Allstate Insurance v. Countrywide Financial Corp.

842 F. Supp. 2d 1216, 2012 WL 335730, 2012 U.S. Dist. LEXIS 15199
CourtDistrict Court, C.D. California
DecidedFebruary 2, 2012
DocketCase No. 2:11-CV-05236-MRP (MANx)
StatusPublished
Cited by11 cases

This text of 842 F. Supp. 2d 1216 (Allstate Insurance v. Countrywide Financial Corp.) is published on Counsel Stack Legal Research, covering District Court, C.D. California primary law. Counsel Stack provides free access to over 12 million legal documents including statutes, case law, regulations, and constitutions.

Bluebook
Allstate Insurance v. Countrywide Financial Corp., 842 F. Supp. 2d 1216, 2012 WL 335730, 2012 U.S. Dist. LEXIS 15199 (C.D. Cal. 2012).

Opinion

ORDER RE BANK OF AMERICA DEFENDANTS’ MOTION TO DISMISS THE AMENDED COMPLAINT

MARIANA R. PFAELZER, District Judge.

I. INTRODUCTION & BACKGROUND

This securities action concerns residential mortgage-backed securities (“RMBS”) purchased by Allstate Insurance Company, Allstate Life Insurance Company, Allstate Life Insurance Company of New York, and American Heritage Life Insurance Company (collectively “Allstate” or “Plaintiffs”) in multiple offerings structured and sold by several of the defendants. Generally, Allstate alleges that Countrywide Financial Corporation (“CFC” or “Countrywide”), three of its subsidiaries, four Countrywide-sponsored Special Purpose Vehicles, and a number of those entities’ former officers and directors are liable to Allstate for misrepresentations regarding the quality of Countrywide-issued residential mortgage backed securities (“RMBS”) that Allstate purchased between 2005 and 2007. This motion concerns the sole issue of whether three of the defendants, Bank of America Corporation, NB Holdings Corporation, and BAC Home Loans Servicing, [1221]*1221LP (collectively the “Bank of America Defendants”), should remain in the case.1

The Court assumes familiarity with Countrywide’s business, the particular Countrywide-issued RMBS at issue in this case, the representations contained in the offering documents for those RMBS, Allstate’s purchases of those RMBS, and the procedural history of this case. A full background is available in the Court’s pri- or ruling in this case, in which the Court granted in part and denied in part Defendants’ motions to dismiss the Complaint. Allstate Ins. Co. v. Countrywide Fin. Corp., 824 F.Supp.2d 1164, No. 2:11-CV-05236-MRP (MANx), 2011 WL 5067128 (C.D.Cal. Oct. 21, 2011) (‘Allstate I ”).

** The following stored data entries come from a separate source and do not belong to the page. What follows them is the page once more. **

(* Let $f$ be a perfect $2$-coloring of $H(n,q)$ with quotient matrix $\begin{pmatrix} a & b\\ c& d\end{pmatrix}$. If there exists a $1$-perfect code in $H(q+1,q)$, then there exists a perfect $2q$-coloring of $H(qn,q)$ with quotient matrix $T=(t_{i,j})_{i,j=1}^{2q}$, where $t_{i,j}=a$ for $i,j\le q$, $t_{i,j}=b$ for $i\le q<j$, $t_{i,j}=c$ for $j\le q<i$, and $t_{i,j}=d$ for $i,j>q$.
   Context: The Hamming graph $H(n,q)$ has vertex set $\mathbb{Z}_q^n$, two vertices adjacent iff they differ in exactly one coordinate. A perfect $k$-coloring is a surjective map from the vertex set onto $\{1,\dots,k\}$ such that every vertex of color $i$ has exactly $s_{i,j}$ neighbours of color $j$ (depending only on $i,j$); $(s_{i,j})$ is its quotient matrix. A $1$-perfect code in $H(n,q)$ is a set $C$ of vertices such that every radius-$1$ Hamming ball contains exactly one element of $C$. *)

theory Defs
  imports Main
begin

text \<open>Vertices of H(n,q): words of length n over {0..q-1}, represented extensionally
  as functions nat => nat that vanish outside {0..<n}.\<close>
definition ham_vertices :: "nat \<Rightarrow> nat \<Rightarrow> (nat \<Rightarrow> nat) set" where
  "ham_vertices n q = {x. (\<forall>i<n. x i < q) \<and> (\<forall>i\<ge>n. x i = 0)}"

definition ham_dist :: "nat \<Rightarrow> (nat \<Rightarrow> nat) \<Rightarrow> (nat \<Rightarrow> nat) \<Rightarrow> nat" where
  "ham_dist n x y = card {i. i < n \<and> x i \<noteq> y i}"

definition ham_adj :: "nat \<Rightarrow> (nat \<Rightarrow> nat) \<Rightarrow> (nat \<Rightarrow> nat) \<Rightarrow> bool" where
  "ham_adj n x y \<longleftrightarrow> ham_dist n x y = 1"

definition perfect_coloring ::
  "nat \<Rightarrow> nat \<Rightarrow> nat \<Rightarrow> ((nat \<Rightarrow> nat) \<Rightarrow> nat) \<Rightarrow> (nat \<Rightarrow> nat \<Rightarrow> nat) \<Rightarrow> bool" where
  "perfect_coloring n q k f S \<longleftrightarrow>
     f ` ham_vertices n q = {1..k} \<and>
     (\<forall>x\<in>ham_vertices n q. \<forall>j\<in>{1..k}.
        card {y\<in>ham_vertices n q. ham_adj n x y \<and> f y = j} = S (f x) j)"

definition one_perfect_code :: "nat \<Rightarrow> nat \<Rightarrow> (nat \<Rightarrow> nat) set \<Rightarrow> bool" where
  "one_perfect_code n q C \<longleftrightarrow> C \<subseteq> ham_vertices n q \<and>
     (\<forall>x\<in>ham_vertices n q. card {c\<in>C. ham_dist n x c \<le> 1} = 1)"

end

theory Submission
  imports Defs "HOL-Library.FuncSet"
begin

text \<open>
  Let C be a 1-perfect code in H(q+1,q). Its minimum distance is 3 and it has q^(q-1) words, so deleting
  the first and the last coordinate maps C bijectively onto H(q-1,q). Hence every word x of H(q,q)
  has a unique pair (u,v) such that x with its first symbol shifted by u and with v appended lies
  in C. Changing one symbol of x changes u, and for each u' \<noteq> u and each v' exactly one neighbour of x
  receives (u',v'): the pairs form a perfect colouring with q^2 colours of H(q,q).

  Cut a word x of H(qn,q) into n blocks of length q and let (u_i,v_i) be the pair of the i-th block.
  A neighbour of x changes one block, hence exactly one u_i, so (u_1,...,u_n) moves to a neighbour in
  H(n,q); conversely, for every neighbour w of (u_1,...,u_n) and every residue r there is exactly one
  neighbour of x whose first components form w and whose v_i sum to r mod q. Colouring x by
  (f(u_1,...,u_n), \<Sigma> v_i mod q) therefore gives a perfect 2q-colouring whose quotient matrix repeats
  each entry of that of f in a q \<times> q block.
\<close>

section \<open>The Hamming graph\<close>

definition ham_neighbours :: "nat \<Rightarrow> nat \<Rightarrow> (nat \<Rightarrow> nat) \<Rightarrow> (nat \<Rightarrow> nat) set" where
  "ham_neighbours n q x = {y \<in> ham_vertices n q. ham_adj n x y}"

lemma ham_dist_commute: "ham_dist n x y = ham_dist n y x"
  unfolding ham_dist_def by metis

lemma ham_dist_eq_0_iff: "ham_dist n x y = 0 \<longleftrightarrow> (\<forall>i<n. x i = y i)"
  unfolding ham_dist_def by auto

lemma ham_dist_eq_1_iff:
  "ham_dist n x y = 1 \<longleftrightarrow> (\<exists>i<n. x i \<noteq> y i \<and> (\<forall>k<n. k \<noteq> i \<longrightarrow> x k = y k))"
proof
  assume "ham_dist n x y = 1"
  then obtain i where "{k. k < n \<and> x k \<noteq> y k} = {i}"
    unfolding ham_dist_def by (metis card_1_singleton_iff One_nat_def)
  then show "\<exists>i<n. x i \<noteq> y i \<and> (\<forall>k<n. k \<noteq> i \<longrightarrow> x k = y k)" by blast
next
  assume "\<exists>i<n. x i \<noteq> y i \<and> (\<forall>k<n. k \<noteq> i \<longrightarrow> x k = y k)"
  then obtain i where "i < n" "x i \<noteq> y i" "\<forall>k<n. k \<noteq> i \<longrightarrow> x k = y k" by blast
  then have "{k. k < n \<and> x k \<noteq> y k} = {i}" by blast
  then show "ham_dist n x y = 1" unfolding ham_dist_def by simp
qed

lemma ham_dist_le_1I: "(\<And>k. k < n \<Longrightarrow> k \<noteq> i \<Longrightarrow> x k = y k) \<Longrightarrow> ham_dist n x y \<le> 1"
  unfolding ham_dist_def by (rule order.trans[OF card_mono[of "{i}"]]) auto

lemma ham_vertices_eqI:
  assumes "x \<in> ham_vertices n q" "y \<in> ham_vertices n q" "\<And>i. i < n \<Longrightarrow> x i = y i"
  shows "x = y"
proof
  fix i show "x i = y i"
    using assms(3)[of i] assms(1,2) by (cases "i < n") (simp_all add: ham_vertices_def)
qed

lemma bij_betw_ham_vertices_PiE:
  "bij_betw (\<lambda>x. restrict x {..<n}) (ham_vertices n q) (PiE {..<n} (\<lambda>_. {..<q}))"
proof (rule bij_betwI')
  fix x y assume "x \<in> ham_vertices n q" "y \<in> ham_vertices n q"
  then show "(restrict x {..<n} = restrict y {..<n}) = (x = y)"
    by (metis ham_vertices_eqI lessThan_iff restrict_apply')
next
  fix x assume "x \<in> ham_vertices n q"
  then show "restrict x {..<n} \<in> PiE {..<n} (\<lambda>_. {..<q})" unfolding ham_vertices_def by auto
next
  fix z assume z: "z \<in> PiE {..<n} (\<lambda>_. {..<q})"
  define x where "x i = (if i < n then z i else 0)" for i
  have "x \<in> ham_vertices n q" using z unfolding x_def ham_vertices_def by auto
  moreover have "z = restrict x {..<n}"
    using z unfolding x_def by (auto simp: PiE_iff extensional_def)
  ultimately show "\<exists>x\<in>ham_vertices n q. z = restrict x {..<n}" by blast
qed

The present motion does not address primary liability, but rather whether Bank of America, which acquired CFC in July 2008 through a reverse triangular merger, can be held liable to Allstate. The Court dismissed Bank of America Corp. and NB Holdings Corp. in Allstate I, but granted leave to amend. Plaintiffs filed an Amended Complaint (the “AC”), which added BAC Home Loans Servicing, LP as a defendant, added a theory of relief, and added several pages of factual and narrative specificity. The Bank of America Defendants moved to dismiss Counts Nine, Ten, and Eleven of the AC as insufficient. The Court agrees. For the reasons discussed herein, the Court DISMISSES Cause of Action Nine (Successor and Vicarious Liability), Cause of Action Ten (Intentional Fraudulent Conveyance), and Cause of Action Eleven (Constructive Fraudulent Conveyance). Dismissal is WITH PREJUDICE.

II. HISTORY OF THE TRANSACTIONS

On January 11, 2008, Bank of America announced that it would acquire CFC in a stock-for-stock transaction valued at approximately $4.1 billion. AC ¶ 345. The merger closed on July 1, 2008. Id. To effectuate the merger, Bank of America formed a subsidiary called Red Oak Merger Corp. Id. CFC merged into Red Oak Merger Corp., which immediately renamed itself Countrywide Financial Corporation. Id. The end result of the merger was that, after July 1, 2008, CFC was a wholly-owned subsidiary of Bank of America. Id. This process is known as a reverse triangular merger.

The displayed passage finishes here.